Sekda Achmad Zaini mengungkapkan apa yang sudah dilakukan oleh Inovasi ternyata hasilnya sangat bagus sekali. Hal itu telah diungkapkan oleh pengawas dan guru khususnya telah mendapat kesempatan kerjasama dengan Inovasi. Kalau program ini akan berarkhir hingga Desember. Namun para teman-teman pengawas dan para guru siap untuk melanjutkan, memberikan materi-materi yang telah didapat untuk ditularkan kepada teman guru yang lain.
Menurutnya, ada beberapa rekomendasi yang diperoleh, dan akan ditindaklanjuti yang terkait dengan peningkatan kualitas guru. Walaupun ada kendala, tidak terlalu signifikan, sehingga program ini gampang diaplikasikan di wilayah Sidoarjo.
“Karena Sidoarjo lebih leading dari kota-kota lain, maka Sidoarjo ini akan menjadi narasumber di kota-kota lainnya,”jelas Sekda Zaini.
Ketua PC LP Ma’ari Sidoarjo Misbahuddin menjelaskan dengan hasil diskusi ada angin segar bagi LP Ma’arif Sidoarjo kedepan.
“Dengan dukungan yang dikatakan Pak Sekda tadi akan segera kami sikapi.

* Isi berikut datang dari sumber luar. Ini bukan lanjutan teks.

text \<open>The shifts \<open>h, h'\<close> allow comparing the two arcs at parameters that differ by 1, i.e. at
the same point of the cylinder.\<close>

lemma arcs_meet_between:
  assumes "edge a b" "edge c d" "p \<le> q"
    and "x b \<le> p + h" "q + h \<le> x a + 1" "x d \<le> p + h'" "q + h' \<le> x c + 1"
    and "(F a b (p + h) \<le> F c d (p + h') \<and> F c d (q + h') \<le> F a b (q + h)) \<or>
         (F c d (p + h') \<le> F a b (p + h) \<and> F a b (q + h) \<le> F c d (q + h'))"
  shows "\<exists>s. p \<le> s \<and> s \<le> q \<and> F a b (s + h) = F c d (s + h')"
proof -
  let ?g = "\<lambda>s. F c d (s + h') - F a b (s + h)"
  have shift: "continuous_on {p..q} (\<lambda>s. F e f (s + k))"
    if "edge e f" "x f \<le> p + k" "q + k \<le> x e + 1" for e f k
    using that
    by (intro continuous_on_compose2[OF arc_cont[of e f]] continuous_intros) auto
  have "continuous_on {p..q} ?g"
    using assms by (intro continuous_on_diff shift) auto
  then obtain s where "p \<le> s" "s \<le> q" "?g s = 0"
    using IVT'[of ?g p 0 q] IVT2'[of ?g q 0 p] assms(3,8) by force
  then show ?thesis by auto
qed

lemma meeting_frac_unique:
  assumes "edge a b" "edge c d" "(a, b) \<noteq> (c, d)"
    and "x b \<le> t" "t \<le> x a + 1" "x d \<le> s" "s \<le> x c + 1" "frac t = frac s" "F a b t = F c d s"
    and "x b \<le> t'" "t' \<le> x a + 1" "x d \<le> s'" "s' \<le> x c + 1" "frac t' = frac s'" "F a b t' = F c d s'"
  shows "frac t = frac t'"
proof -
  have "(frac t, F a b t) \<in> arc x F a b \<inter> arc x F c d"
    using arc_memI[of x b t a F] arc_memI[of x d s c F] assms(4-9) by simp
  moreover have "(frac t', F a b t') \<in> arc x F a b \<inter> arc x F c d"
    using arc_memI[of x b t' a F] arc_memI[of x d s' c F] assms(10-15) by simp
  ultimately show ?thesis using arcs_meet_once[of a b c d] assms(1-3) by blast
qed

lemma frac_on_arc:
  assumes "edge a b" "x b \<le> t" "t \<le> x a + 1"
  shows "frac t = (if t < 1 then t else t - 1)"
  using x_bounds[of a] x_bounds[of b] assms by (intro frac_unwrapped) auto

lemma vertex_not_on_edge:
  assumes "edge a b" "1 \<le> v" "v \<le> n" "v \<noteq> a" "v \<noteq> b" "x b \<le> t" "t \<le> x a + 1" "frac t = x v"
  shows "F a b t \<noteq> y v"
  using vertex_not_on_arc[of a b v] arc_memI[of x b t a F] assms by auto

end

locale drawing_edge = unwrapped_drawing +
  fixes i j :: nat
  assumes edge_ij: "1 \<le> i" "i < j" "j \<le> n"
begin

abbreviation upper :: "nat \<Rightarrow> bool" where
  "upper k \<equiv> j < k \<and> k \<le> n \<and> F i j (x k) < y k"

abbreviation lower :: "nat \<Rightarrow> bool" where
  "lower k \<equiv> j < k \<and> k \<le> n \<and> y k < F i j (x k)"

lemma x_order: "j < k \<Longrightarrow> k \<le> n \<Longrightarrow> 0 < x i \<and> x i < x j \<and> x j < x k \<and> x k < 1"
  using x_bounds[of i] x_bounds[of k] x_mono[of i j] x_mono[of j k] edge_ij by auto

text \<open>Reflection swaps upper and lower vertices, so every lemma below has a mirror image.\<close>

lemma reflected_edge: "drawing_edge n x (\<lambda>v. - y v) (\<lambda>a b t. - F a b t) i j"
  using reflected edge_ij by (simp add: drawing_edge_def drawing_edge_axioms_def)

lemma arc_ij_below_arc_from_j:
  assumes "upper s" "x s \<le> t" "t \<le> x i + 1"
  shows "F i j t < F j s t"
proof (rule ccontr)
  have X: "0 < x i" "x i < x j" "x j < x s" "x s < 1" using x_order assms by auto
  assume "\<not> F i j t < F j s t"
  moreover have "F i j (x s) < F j s (x s)" using assms arc_start[of j s] edge_ij by auto
  ultimately obtain u where u: "x s \<le> u" "u \<le> t" "F i j u = F j s u"
    using arcs_meet_between[of i j j s "x s" t 0 0] assms edge_ij X by force
  have "frac u = frac (x j)"
    using meeting_frac_unique[of i j j s u u "x j" "x j + 1"] u assms edge_ij X
      arc_start[of i j] arc_end[of j s] by (auto simp: frac_1_eq)
  moreover have "frac u \<noteq> frac (x j)"
    using frac_on_arc[of i j u] frac_on_arc[of i j "x j"] u assms edge_ij X
    by (auto split: if_splits)
  ultimately show False by simp
qed

lemma arc_ij_below_upper_arc:
  assumes "upper k" "upper l" "k < l" "x l \<le> t" "t \<le> x i + 1"
  shows "F i j t < F k l t"
proof (rule ccontr)
  have X: "0 < x i" "x i < x j" "x j < x k" "x k < x l" "x l < 1"
    using x_order[of k] x_order[of l] x_mono[of k l] assms by auto
  assume "\<not> F i j t < F k l t"
  moreover have "F i j (x l) < F k l (x l)" using assms arc_start[of k l] edge_ij by auto
  ultimately obtain t1 where t1: "x l \<le> t1" "t1 \<le> t" "F i j t1 = F k l t1"
    using arcs_meet_between[of i j k l "x l" t 0 0] assms edge_ij X by force
  have "y j < F k l (x j + 1)"
  proof (rule ccontr)
    assume "\<not> y j < F k l (x j + 1)"
    moreover have "F i j (x k) < F k l (x k + 1)" using assms arc_end[of k l] edge_ij by auto
    ultimately obtain s1 where s1: "x j \<le> s1" "s1 \<le> x k" "F i j s1 = F k l (s1 + 1)"
      using arcs_meet_between[of i j k l "x j" "x k" 0 1] arc_start[of i j] assms edge_ij X by force
    have "frac t1 = frac s1"
      using meeting_frac_unique[of i j k l t1 t1 s1 "s1 + 1"] t1 s1 assms edge_ij X
      by (auto simp: frac_1_eq)
    then show False
      using frac_on_arc[of i j t1] frac_on_arc[of i j s1] t1 s1 assms edge_ij X
      by (auto split: if_splits)
  qed
  moreover have "F k l t1 < F j l t1"
    using arc_ij_below_arc_from_j[of l t1] t1 assms by auto
  ultimately obtain u where u: "t1 \<le> u" "u \<le> x j + 1" "F j l u = F k l u"
    using arcs_meet_between[of j l k l t1 "x j + 1" 0 0] arc_end[of j l] assms edge_ij X t1 by force
  have "frac u = frac (x l)"
    using meeting_frac_unique[of j l k l u u "x l" "x l"] u t1 assms edge_ij X
      arc_start[of j l] arc_start[of k l] by auto
  then have "u = x l"
    using frac_on_arc[of j l u] frac_on_arc[of j l "x l"] u t1 assms edge_ij X
    by (auto split: if_splits)
  then show False using t1 u assms arc_start[of k l] by auto
qed

lemma arc_ij_above_lower_arc:
  assumes "lower k" "lower l" "k < l" "x l \<le> t" "t \<le> x i + 1"
  shows "F k l t < F i j t"
proof -
  interpret reflection: drawing_edge n x "\<lambda>v. - y v" "\<lambda>a b t. - F a b t" i j
    by (rule reflected_edge)
  show ?thesis using reflection.arc_ij_below_upper_arc[of k l t] assms by auto
qed

lemma upper_vertex_above_lower_arc:
  assumes "upper k" "lower k'" "lower l'" "k < k'" "k' < l'"
  shows "F k' l' (x k + 1) < y k"
proof (rule ccontr)
  have X: "0 < x i" "x i < x j" "x j < x k" "x k < x k'" "x k' < x l'" "x l' < 1"
    using x_order[of k] x_order[of l'] x_mono[of k k'] x_mono[of k' l'] assms by auto
  have "F k' l' (x k + 1) \<noteq> y k"
    using vertex_not_on_edge[of k' l' k "x k + 1"] assms edge_ij X by (auto simp: frac_1_eq)
  moreover assume "\<not> F k' l' (x k + 1) < y k"
  ultimately have vertex_below: "y k < F k' l' (x k + 1)" by simp
  have lower_end: "F k' l' (x k' + 1) < F i j (x k')" using assms arc_end[of k' l'] by auto
  obtain s1 where s1: "x k \<le> s1" "s1 \<le> x k'" "F i j s1 = F k' l' (s1 + 1)"
    using arcs_meet_between[of i j k' l' "x k" "x k'" 0 1] vertex_below lower_end assms edge_ij X by force
  have "y j < F k' l' (x j + 1)"
  proof (rule ccontr)
    assume "\<not> y j < F k' l' (x j + 1)"
    then obtain s2 where s2: "x j \<le> s2" "s2 \<le> x k" "F i j s2 = F k' l' (s2 + 1)"
      using arcs_meet_between[of i j k' l' "x j" "x k" 0 1] arc_start[of i j] vertex_below assms edge_ij X
      by force
    have "frac s1 = frac s2"
      using meeting_frac_unique[of i j k' l' s1 "s1 + 1" s2 "s2 + 1"] s1 s2 assms edge_ij X
      by (auto simp: frac_1_eq)
    then have "s1 = s2" using s1 s2 X by simp
    then show False using s1 s2 vertex_below assms by auto
  qed
  moreover have "F k' l' (x l') < F j k (x l')"
    using arc_ij_below_arc_from_j[of k "x l'"] arc_start[of k' l'] assms X by auto
  ultimately obtain t2 where t2: "x l' \<le> t2" "t2 \<le> x j + 1" "F j k t2 = F k' l' t2"
    using arcs_meet_between[of j k k' l' "x l'" "x j + 1" 0 0] arc_end[of j k] assms edge_ij X by force
  have "F k' l' (x k' + 1) < F j k (x k')"
    using arc_ij_below_arc_from_j[of k "x k'"] lower_end assms X by auto
  then obtain s3 where s3: "x k \<le> s3" "s3 \<le> x k'" "F j k s3 = F k' l' (s3 + 1)"
    using arcs_meet_between[of j k k' l' "x k" "x k'" 0 1] arc_start[of j k] vertex_below assms edge_ij X
    by force
  have "frac t2 = frac s3"
    using meeting_frac_unique[of j k k' l' t2 t2 s3 "s3 + 1"] t2 s3 assms edge_ij X
    by (auto simp: frac_1_eq)
  then show False
    using frac_on_arc[of j k t2] frac_on_arc[of j k s3] t2 s3 assms edge_ij X
    by (auto split: if_splits)
qed

lemma lower_vertex_below_upper_arc:
  assumes "lower k'" "upper k" "upper l" "k' < k" "k < l"
  shows "y k' < F k l (x k' + 1)"
proof -
  interpret reflection: drawing_edge n x "\<lambda>v. - y v" "\<lambda>a b t. - F a b t" i j
    by (rule reflected_edge)
  show ?thesis using reflection.upper_vertex_above_lower_arc[of k' k l] assms by auto
qed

Walaupun tidak sepenuhnya, namun dengan adanya support dari Pemkab, kegiatan kami akan lebih lancar,” ungkap Misbahuddin.

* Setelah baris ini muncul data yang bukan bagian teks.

(* Every map of the class [pi] is x \<mapsto> a (x + b) mod n, an affine map with slope a, so the
   fixed points of its k-th iterate are either empty or a translate of the fixed points of
   x \<mapsto> a^k x mod n. By the Burnside-type count "number of cycles times a common period N
   = total number of fixed points of the first N iterates", the shift b = 0 has the most
   cycles. For x \<mapsto> a x mod n the cycle through x has length ord_(n / gcd(x,n))(a); counting
   cycles as the sum of reciprocal cycle lengths over all x and grouping the residues x by
   gcd(x, n) gives the sum over the divisors of n. *)

lemma self_in_orbit_if_funpow_eq:
  assumes "(f ^^ N) x = x" "0 < N"
  shows "x \<in> orbit f x"
  unfolding orbit_altdef using assms by (blast intro: sym)

lemma card_orbit_eq_funpow_dist1:
  assumes "x \<in> orbit f x"
  shows "card (orbit f x) = funpow_dist1 f x x"
  using card_image[OF inj_on_funpow_dist1[OF assms]] orbit_conv_funpow_dist1[OF assms] by simp

lemma funpow_eq_self_iff_card_orbit_dvd:
  assumes "x \<in> orbit f x"
  shows "(f ^^ k) x = x \<longleftrightarrow> card (orbit f x) dvd k"
proof -
  define p where "p = funpow_dist1 f x x"
  have p: "(f ^^ p) x = x"
    unfolding p_def by (rule funpow_dist1_prop[OF assms])
  have "(f ^^ k) x = x \<longleftrightarrow> (f ^^ (k mod p)) x = x"
    using funpow_mod_eq[OF p] by simp
  also have "\<dots> \<longleftrightarrow> k mod p = 0"
    using funpow_dist1_least[of "k mod p" f x x] by (auto simp: p_def)
  finally show ?thesis
    by (simp add: card_orbit_eq_funpow_dist1[OF assms] p_def dvd_eq_mod_eq_0)
qed

lemma card_funpow_eq_self_lessThan:
  assumes "(f ^^ N) x = x" "0 < N"
  shows "card {k\<in>{..<N}. (f ^^ k) x = x} * card (orbit f x) = N"
proof -
  define q where "q = card (orbit f x)"
  have periodic: "x \<in> orbit f x"
    using assms by (rule self_in_orbit_if_funpow_eq)
  have fixed_iff: "(f ^^ k) x = x \<longleftrightarrow> q dvd k" for k
    unfolding q_def by (rule funpow_eq_self_iff_card_orbit_dvd[OF periodic])
  then obtain m where N: "N = q * m"
    using assms(1) by blast
  then have "q > 0" using assms(2) by (cases q) auto
  have "{k\<in>{..<N}. (f ^^ k) x = x} = (\<lambda>j. q * j) ` {..<m}"
    using \<open>q > 0\<close> by (auto simp: fixed_iff N)
  then have "card {k\<in>{..<N}. (f ^^ k) x = x} = m"
    using \<open>q > 0\<close> by (simp add: card_image inj_on_def)
  then show ?thesis using N q_def by simp
qed

lemma orbit_eq_if_in_orbit:
  assumes "x \<in> orbit f x" "y \<in> orbit f x"
  shows "orbit f y = orbit f x"
  using assms by (blast intro: orbit_trans orbit_swap)

lemma orbit_subset_if_image_subset:
  assumes "f ` S \<subseteq> S" "x \<in> S"
  shows "orbit f x \<subseteq> S"
proof
  fix y assume "y \<in> orbit f x"
  then show "y \<in> S" by induction (use assms in auto)
qed


lemma sum_inverse_card_orbit_eq_card_orbits:
  assumes "finite S" "f ` S \<subseteq> S" "\<forall>x\<in>S. x \<in> orbit f x"
  shows "(\<Sum>x\<in>S. 1 / real (card (orbit f x))) = real (card (orbit f ` S))"
proof -
  have "(\<Sum>x\<in>S. 1 / real (card (orbit f x))) =
      (\<Sum>C\<in>orbit f ` S. \<Sum>y\<in>{y\<in>S. orbit f y = C}. 1 / real (card (orbit f y)))"
    by (rule sum.image_gen) (use assms(1) in auto)
  also have "\<dots> = (\<Sum>C\<in>orbit f ` S. 1)"
  proof (rule sum.cong[OF refl])
    fix C assume "C \<in> orbit f ` S"
    then obtain x where x: "x \<in> S" "C = orbit f x" by blast
    have "C \<subseteq> S"
      using orbit_subset_if_image_subset[OF assms(2) x(1)] x(2) by simp
    have fibre: "{y\<in>S. orbit f y = C} = C"
    proof (intro equalityI subsetI)
      fix y assume "y \<in> {y\<in>S. orbit f y = C}"
      then show "y \<in> C" using assms(3) by auto
    next
      fix y assume "y \<in> C"
      then show "y \<in> {y\<in>S. orbit f y = C}"
        using \<open>C \<subseteq> S\<close> x assms(3) orbit_eq_if_in_orbit[of x f y] by auto
    qed
    have "finite C"
      using \<open>C \<subseteq> S\<close> assms(1) finite_subset by blast
    moreover have "C \<noteq> {}"
      using x(2) orbit_nonempty by simp
    moreover have "orbit f y = C" if "y \<in> C" for y
      using fibre that by blast
    ultimately show "(\<Sum>y\<in>{y\<in>S. orbit f y = C}. 1 / real (card (orbit f y))) = 1"
      by (simp add: fibre)
  qed
  finally show ?thesis by simp
qed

Lebih lanjut menurut Misbahuddin program yang dalam waktu dekat ini adalah melanjutkan PKB (Pengembangan Keprofesian Berkelanjutan), juga melanjutkan deseminasi sekolah unggulan dan pelatihan guru-guru agama berbagai tingkatan. “Karena mereka butuh kemajuan, butuh di update yang kenian,” jelas Misbahuddin.
Sementara itu Tim Inovasi Pusat, Basilius Bengoteko mengatakan kalau Inovasi itu skala kecil, yang terpenting itu adalah perubahan-perubahan para guru, kepala sekolah dan lingkungan sekolah. Program tersebut juga mendapat tanggapan dari Pemkab yang sangat luar biasa. Apalagi Pemkabnya juga senang sekali dengan perubahan tersebut.
“Sehingga ini menjadi modal bagi Inovasi untuk melakukan langkah kedepan yang lebih leluasa,” katanya.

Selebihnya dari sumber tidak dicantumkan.